### What is being asked:
Look through the data below for the string "definition", and copy every line where it turns up.

:: Entries shown

lemma kummerT_bounds:
  fixes \<beta> b w :: real
  assumes \<beta>b: "\<beta> < b" and \<beta>1: "\<beta> \<le> 1" and w: "w > 0"
  shows "exp (- w) * (w + 1 - \<beta>) powr (\<beta> - b) \<le> kummerT \<beta> b (- w)"
    "kummerT \<beta> b (- w) \<le> exp (- w) * w powr (\<beta> - b)"
proof -
  define a where "a = b - \<beta>"
  define f where "f t = exp (- w * t) * t powr (a - 1) * (1 + t) powr (\<beta> - 1)" for t :: real
  have a: "a > 0" using \<beta>b by (simp add: a_def)
  have T: "kummerT \<beta> b (- w) = exp (- w) / Gamma a * (LBINT t:{0<..}. f t)"
    by (simp add: kummerT_def f_def a_def)
  note lo = Gamma_scaled_set_integral[OF a, of "w + 1 - \<beta>"]
  note up = Gamma_scaled_set_integral[OF a w]
  have f_lo: "exp (- (w + 1 - \<beta>) * t) * t powr (a - 1) \<le> f t" if "t \<in> {0<..}" for t
  proof -
    have "exp (- (w + 1 - \<beta>) * t) = exp (- w * t) * exp ((\<beta> - 1) * t)"
      by (simp add: mult_exp_exp algebra_simps)
    also have "\<dots> \<le> exp (- w * t) * (1 + t) powr (\<beta> - 1)"
      using one_plus_powr_nonpos_bounds(1)[of "\<beta> - 1" t] \<beta>1 that by simp
    finally have "exp (- (w + 1 - \<beta>) * t) * t powr (a - 1)
        \<le> exp (- w * t) * (1 + t) powr (\<beta> - 1) * t powr (a - 1)"
      by (rule mult_right_mono) simp
    then show ?thesis
      by (simp add: f_def mult_ac)
  qed
  have f_up: "f t \<le> exp (- w * t) * t powr (a - 1)" if "t \<in> {0<..}" for t
    using one_plus_powr_nonpos_bounds(2)[of "\<beta> - 1" t] \<beta>1 that
    by (simp add: f_def mult_left_le)
  have f_int: "set_integrable lborel {0<..} f"
  proof (rule set_integrable_bound[OF up(1)])
    show "set_borel_measurable lborel {0<..} f"
      unfolding set_borel_measurable_def f_def by measurable
    show "AE t in lborel. t \<in> {0<..} \<longrightarrow>
        norm (f t) \<le> norm (exp (- w * t) * t powr (a - 1))"
      using f_up by (intro AE_I2) (simp add: f_def)
  qed
  have "Gamma a * (w + 1 - \<beta>) powr - a \<le> (LBINT t:{0<..}. f t)"
    using set_integral_mono[OF lo(1) f_int f_lo] lo(2) w \<beta>1 by simp
  moreover have "(LBINT t:{0<..}. f t) \<le> Gamma a * w powr - a"
    using set_integral_mono[OF f_int up(1) f_up] up(2) by simp
  moreover have "Gamma a > 0" using a by simp
  ultimately show "exp (- w) * (w + 1 - \<beta>) powr (\<beta> - b) \<le> kummerT \<beta> b (- w)"
    "kummerT \<beta> b (- w) \<le> exp (- w) * w powr (\<beta> - b)"
    by (simp_all add: T a_def field_simps)
qed

section \<open>Kummer's transformation\<close>

definition kummer_term :: "real \<Rightarrow> real \<Rightarrow> real \<Rightarrow> nat \<Rightarrow> real" where
  "kummer_term a b y k = pochhammer a k / pochhammer b k * y ^ k / fact k"

lemma kummerM_eq_suminf: "kummerM a b y = (\<Sum>k. kummer_term a b y k)"
  by (simp add: kummerM_def kummer_term_def)

lemma kummer_term_Suc:
  assumes "b > 0"
  shows "kummer_term a b y (Suc k)
    = kummer_term a b y k * ((a + real k) * y / ((b + real k) * (real k + 1)))"
proof -
  have "pochhammer b k > 0" "b + real k > 0"
    using assms by (simp_all add: pochhammer_pos add_pos_nonneg)
  then show ?thesis
    by (simp add: kummer_term_def pochhammer_Suc field_simps)
qed

lemma summable_norm_kummer_term:
  assumes b: "b > 0"
  shows "summable (\<lambda>k. norm (kummer_term a b y k))"
proof -
  define q where "q k = (\<bar>a\<bar> + real k) * \<bar>y\<bar> / ((b + real k) * (real k + 1))" for k
  have "q \<longlonglongrightarrow> 0"
    unfolding q_def by real_asymp
  then have "eventually (\<lambda>k. q k < 1 / 2) sequentially"
    by (rule order_tendstoD) simp
  then obtain N where N: "\<And>k. k \<ge> N \<Longrightarrow> q k \<le> 1 / 2"
    unfolding eventually_sequentially by (blast intro: less_imp_le)
  show ?thesis
  proof (rule summable_ratio_test[of "1 / 2" N])
    fix k assume "k \<ge> N"
    have "norm ((a + real k) * y / ((b + real k) * (real k + 1))) \<le> q k"
      using b by (auto simp: q_def abs_mult intro!: divide_right_mono mult_right_mono)
    with N[OF \<open>k \<ge> N\<close>]
    have "norm ((a + real k) * y / ((b + real k) * (real k + 1))) \<le> 1 / 2"
      by linarith
    then have "norm (kummer_term a b y (Suc k)) \<le> norm (kummer_term a b y k) * (1 / 2)"
      unfolding kummer_term_Suc[OF b] norm_mult by (rule mult_left_mono) simp
    then show "norm (norm (kummer_term a b y (Suc k)))
        \<le> 1 / 2 * norm (norm (kummer_term a b y k))"
      by simp
  qed simp
qed

lemma pochhammer_minus_of_nat:
  assumes "k \<le> m"
  shows "pochhammer (- of_nat m :: real) k = (-1) ^ k * fact m / fact (m - k)"
proof -
  have "(-1) ^ k * pochhammer (- of_nat m :: real) k / fact k = fact m / (fact k * fact (m - k))"
    using gbinomial_pochhammer[of "of_nat m :: real" k] binomial_gbinomial[of m k, where 'a = real]
      binomial_fact[OF assms, where 'a = real] by simp
  then have "(-1) ^ k * pochhammer (- of_nat m :: real) k = fact m / fact (m - k)"
    by (simp add: field_simps)
  then have "(-1) ^ k * ((-1) ^ k * pochhammer (- of_nat m :: real) k)
      = (-1) ^ k * fact m / fact (m - k)"
    by (metis times_divide_eq_right)
  moreover have "(-1 :: real) ^ k * (-1) ^ k = 1"
    by (simp flip: power_add)
  ultimately show ?thesis
    unfolding mult.assoc[symmetric] by simp
qed

lemma exp_series_sums: "(\<lambda>k. y ^ k / fact k) sums exp (y :: real)"
  using exp_converges[of y] by (simp add: divide_inverse mult.commute)
lemma Hfun_exists: assumes b: "\<beta> > 2" and y: "y \<le> gbeta \<beta>"
  shows "\<exists>x. 0 < x \<and> x \<le> lbeta \<beta> \<and> Gfun \<beta> x = y"
proof -
  define l where "l = lbeta \<beta>"
  have l: "0 < l" using lbeta_bounds[OF b] by (simp add: l_def)
  define x0 where "x0 = exp (\<beta> * y)"
  have x0: "0 < x0" by (simp add: x0_def)
  have Gx0: "Gfun \<beta> x0 < y" using x0 b unfolding Gfun_def x0_def by simp
  have x0l: "x0 < l"
  proof (rule ccontr)
    assume "\<not> x0 < l"
    then have "ln l \<le> ln x0" using l by simp
    then have "ln l \<le> \<beta> * y" by (simp add: x0_def)
    then have "ln l / \<beta> \<le> y" using b by (simp add: field_simps)
    moreover have "gbeta \<beta> < ln l / \<beta>" using l b unfolding gbeta_def Gfun_def l_def by simp
    ultimately show False using y by simp
  qed
  obtain x where "x0 \<le> x" "x \<le> l" "Gfun \<beta> x = y"
    using IVT'[of "Gfun \<beta>" x0 y l] Gx0 y x0l continuous_on_Gfun[of \<beta> x0 l] b x0 by (auto simp: gbeta_def l_def)
  then show ?thesis using x0 by (intro exI[of _ x]) (auto simp: l_def)
qed

lemma Kfun_exists: assumes b: "\<beta> > 2" and y: "y \<le> gbeta \<beta>"
  shows "\<exists>x. lbeta \<beta> \<le> x \<and> Gfun \<beta> x = y"
proof -
  define l where "l = lbeta \<beta>"
  have l: "0 < l" using lbeta_bounds[OF b] by (simp add: l_def)
  define x1 where "x1 = max l (- y)"
  have x1: "l \<le> x1" "0 < x1" using l by (auto simp: x1_def)
  have "Gfun \<beta> x1 < - x1" using Gfun_less_neg[OF b x1(2)] .
  then have Gx1: "Gfun \<beta> x1 \<le> y" by (simp add: x1_def)
  obtain x where "l \<le> x" "x \<le> x1" "Gfun \<beta> x = y"
    using IVT2'[of "Gfun \<beta>" x1 y l] Gx1 y x1 continuous_on_Gfun[of \<beta> l x1] b l by (auto simp: gbeta_def l_def)
  then show ?thesis by (auto simp: l_def)
qed

lemma Hfun_unique:
  assumes b: "\<beta> > 2" and "0 < x" "x \<le> lbeta \<beta>" "0 < x'" "x' \<le> lbeta \<beta>" "Gfun \<beta> x = Gfun \<beta> x'"
  shows "x = x'"
  using Gfun_strict_mono[OF b, of x x'] Gfun_strict_mono[OF b, of x' x] assms by (cases x x' rule: linorder_cases) auto

lemma Kfun_unique:
  assumes b: "\<beta> > 2" and "lbeta \<beta> \<le> x" "lbeta \<beta> \<le> x'" "Gfun \<beta> x = Gfun \<beta> x'"
  shows "x = x'"
  using Gfun_strict_antimono[OF b, of x x'] Gfun_strict_antimono[OF b, of x' x] assms by (cases x x' rule: linorder_cases) auto

lemma Hfun_props: assumes b: "\<beta> > 2" and y: "y \<le> gbeta \<beta>"
  shows "0 < Hfun \<beta> y \<and> Hfun \<beta> y \<le> lbeta \<beta> \<and> Gfun \<beta> (Hfun \<beta> y) = y"
proof -
  obtain x where x: "0 < x" "x \<le> lbeta \<beta>" "Gfun \<beta> x = y" using Hfun_exists[OF b y] by blast
  have "Hfun \<beta> y = x" unfolding Hfun_def
    by (rule the_equality) (use x Hfun_unique[OF b] in auto)
  then show ?thesis using x by simp
qed

lemma Kfun_props: assumes b: "\<beta> > 2" and y: "y \<le> gbeta \<beta>"
  shows "lbeta \<beta> \<le> Kfun \<beta> y \<and> Gfun \<beta> (Kfun \<beta> y) = y"
proof -
  obtain x where x: "lbeta \<beta> \<le> x" "Gfun \<beta> x = y" using Kfun_exists[OF b y] by blast
  have "Kfun \<beta> y = x" unfolding Kfun_def
    by (rule the_equality) (use x Kfun_unique[OF b] in auto)
  then show ?thesis using x by simp
qed

lemma Hfun_Gfun:
  assumes b: "\<beta> > 2" and x: "0 < x" "x \<le> lbeta \<beta>"
  shows "Hfun \<beta> (Gfun \<beta> x) = x"
  using Hfun_props[OF b Gfun_le_gbeta[OF b x(1)]] Hfun_unique[OF b] x by blast

lemma Kfun_Gfun:
  assumes b: "\<beta> > 2" and x: "lbeta \<beta> \<le> x"
  shows "Kfun \<beta> (Gfun \<beta> x) = x"
proof -
  have "0 < x" using x lbeta_bounds[OF b] by simp
  then show ?thesis using Kfun_props[OF b Gfun_le_gbeta[OF b]] Kfun_unique[OF b] x by blast
qed

lemma Gfun_eq_imp_ln_ratio:
  assumes "0 < \<beta>" "0 < H" "0 < K" "Gfun \<beta> H = Gfun \<beta> K"
  shows "ln (K / H) = 3/2 * \<beta> * (K - H)"
proof -
  have "(1/\<beta>) * ln H - 3/2 * H = (1/\<beta>) * ln K - 3/2 * K" using assms(4) unfolding Gfun_def .
  then have "ln K - ln H = 3/2 * \<beta> * (K - H)" using assms(1) by (simp add: field_simps)
  then show ?thesis using assms by (simp add: ln_div)
qed
lemma polar_cat_if_polar_order:
  assumes G: "is_graph G" and "polar_order G"
  shows "polar_cat G"
proof -
  obtain ys zs v ls1 ls2 b where dist: "distinct (ys @ zs @ [v])"
    and set: "set (ys @ zs @ [v]) = fst G"
    and len: "ys \<noteq> []" "zs \<noteq> []" "length ys + length zs \<ge> 3"
    and ord: "caterpillar_order G (ys @ [v]) ls1" "caterpillar_order G (zs @ [v]) ls2"
    and first: "ls1 ! 0 \<noteq> b" "ls2 ! 0 \<noteq> b"
    and cross: "\<forall>y\<in>set ys. \<forall>z\<in>set zs. {y, z} \<in> snd G \<longleftrightarrow> b"
    using assms(2) unfolding polar_order_def by blast
  define V1 where "V1 = set (ys @ [v])"
  define V2 where "V2 = set (zs @ [v])"
  have V: "V1 \<subseteq> fst G" "V2 \<subseteq> fst G" "v \<in> fst G" "fst G = V1 \<union> V2" "V1 \<inter> V2 = {v}"
    "V1 - {v} = set ys" "V2 - {v} = set zs"
    using set dist unfolding V1_def V2_def by auto
  have card: "card V1 = length ys + 1" "card V2 = length zs + 1"
    "card (fst G) = length ys + length zs + 1"
    using dist distinct_card[OF dist] unfolding set V1_def V2_def by (auto simp: distinct_card)
  have ord_induced: "caterpillar_order (induced G V1) (ys @ [v]) ls1"
    "caterpillar_order (induced G V2) (zs @ [v]) ls2"
    using ord caterpillar_order_induced unfolding V1_def V2_def by blast+
  have "graph_connected (induced G V1) \<longleftrightarrow> ls1 ! 0" "graph_connected (induced G V2) \<longleftrightarrow> ls2 ! 0"
    using graph_connected_iff_caterpillar_order[OF is_graph_induced[OF G V(1)] ord_induced(1)]
      graph_connected_iff_caterpillar_order[OF is_graph_induced[OF G V(2)] ord_induced(2)]
    unfolding V1_def V2_def by simp_all
  moreover have "caterpillar_explainable (induced G V1) \<and> cherry_in_caterpillar (induced G V1) v"
    "caterpillar_explainable (induced G V2) \<and> cherry_in_caterpillar (induced G V2) v"
    using caterpillar_explainable_if_caterpillar_order ord_induced unfolding V1_def V2_def
      by fastforce+
  moreover have "cograph (induced G V1)" "cograph (induced G V2)"
    using cograph_if_caterpillar_order ord_induced unfolding V1_def V2_def by fastforce+
  moreover have "(\<forall>y\<in>V1 - {v}. \<forall>z\<in>V2 - {v}. {y, z} \<in> snd G) \<longleftrightarrow> b"
    "(\<forall>y\<in>V1 - {v}. \<forall>z\<in>V2 - {v}. {y, z} \<notin> snd G) \<longleftrightarrow> \<not> b"
    using cross len(1, 2) unfolding V(6, 7) by (metis list.set_sel(1))+
  ultimately have "polar_cat_at G v V1 V2"
    unfolding polar_cat_at_def pseudo_cograph_def
    using V card len first del_vert_eq_disj_union_iff[OF G V(4, 5)]
      del_vert_eq_graph_join_iff[OF G V(4, 5)]
    by (cases b) auto
  then show ?thesis unfolding polar_cat_def by blast
qed
(* Let $(\xi_n)_{n\geq1}$ be i.i.d. with $\mathbf{P}(\xi_1=1)=p=1-\mathbf{P}(\xi_1=-1)$, $p\in(0,1)$. For $x\geq1$ set $W_0:=x$, $B_1:=1$, $W_n:=W_{n-1}+\xi_nB_n$, $B_{n+1}:=B_n2^{\xi_n}$ for $n\geq1$, and $f(x,p):=\mathbf{P}(W_n\leq0\text{ for some }n)$. Then for each fixed $x>2$, the function $p\mapsto f(x,p)$ is strictly increasing on $(0,1/2)$.
   Context: $f(x,p)$ is the ruin probability of a gambler with initial fortune $x$ who starts by betting $1$, doubles the bet after each win and halves it after each loss, winning each round independently with probability $p$. *)

theory Defs
  imports "HOL-Probability.Probability"
begin

text \<open>A play is an infinite sequence of coin outcomes; True = the gambler wins
  the round (xi = 1), False = loses (xi = -1).  Component n (0-based) of the stream
  is xi_(n+1).\<close>

definition xi :: "bool stream \<Rightarrow> nat \<Rightarrow> real" where
  "xi \<omega> n = (if \<omega> !! n then 1 else -1)"

text \<open>bet \<omega> n = B_(n+1): B_1 = 1, B_(n+1) = B_n * 2 powr xi_n.\<close>
fun bet :: "bool stream \<Rightarrow> nat \<Rightarrow> real" where
  "bet \<omega> 0 = 1"
| "bet \<omega> (Suc n) = bet \<omega> n * 2 powr xi \<omega> n"

fun fortune :: "real \<Rightarrow> bool stream \<Rightarrow> nat \<Rightarrow> real" where
  "fortune x \<omega> 0 = x"
| "fortune x \<omega> (Suc n) = fortune x \<omega> n + xi \<omega> n * bet \<omega> n"

definition coin_space :: "real \<Rightarrow> bool stream measure" where
  "coin_space p = stream_space (measure_pmf (bernoulli_pmf p))"

definition ruin_prob :: "real \<Rightarrow> real \<Rightarrow> real" where
  "ruin_prob x p = measure (coin_space p)
     {\<omega> \<in> space (coin_space p). \<exists>n. fortune x \<omega> n \<le> 0}"

end

theory Submission
  imports Defs
begin

text \<open>
  Let Y_n be the total stake on the rounds won before round n. Since a win doubles and a loss
  halves the bet, W_n = x - 2 + 2 B_n - Y_n. For p < 1/2 there is an a in (0, 1] with
  E[B_n^a] = (p 2^a + (1 - p) 2^-a)^n tending to 0, so almost surely the bets become arbitrarily
  small infinitely often, and ruin occurs iff Y_n > x - 2 for some n.

  Conditioning on the first round, the probability h_p(c) that Y_n > c for some n satisfies
  h_p(c) = p h_p((c - 1)/2) + (1 - p) h_p(2c), and h_p(c) = 1 for c < 0. Its finite-horizon
  versions show by induction that h_p(c) is nondecreasing in p. Markov's inequality for Y_n^a
  gives h_p(C) < 1 for some C, and the recursion spreads this to all c > 0. For p < p' < 1/2 the
  recursion then makes h_p'(c) - h_p(c) positive for 0 < c < 1, where
  h_p'((c - 1)/2) = 1 > h_p'(2c), and carries positivity from c - 1/2 to c.
\<close>

lemma ennreal_convex_combination:
  assumes "0 \<le> p" "p \<le> 1" "0 \<le> u" "0 \<le> v"
  shows "ennreal p * ennreal u + ennreal (1 - p) * ennreal v = ennreal (p * u + (1 - p) * v)"
  using assms by (simp add: ennreal_mult'[symmetric] ennreal_plus[symmetric] del: ennreal_plus)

::::

### Response area:
definition kummer_term :: "real \<Rightarrow> real \<Rightarrow> real \<Rightarrow> nat \<Rightarrow> real" where
definition xi :: "bool stream \<Rightarrow> nat \<Rightarrow> real" where
definition coin_space :: "real \<Rightarrow> bool stream measure" where
definition ruin_prob :: "real \<Rightarrow> real \<Rightarrow> real" where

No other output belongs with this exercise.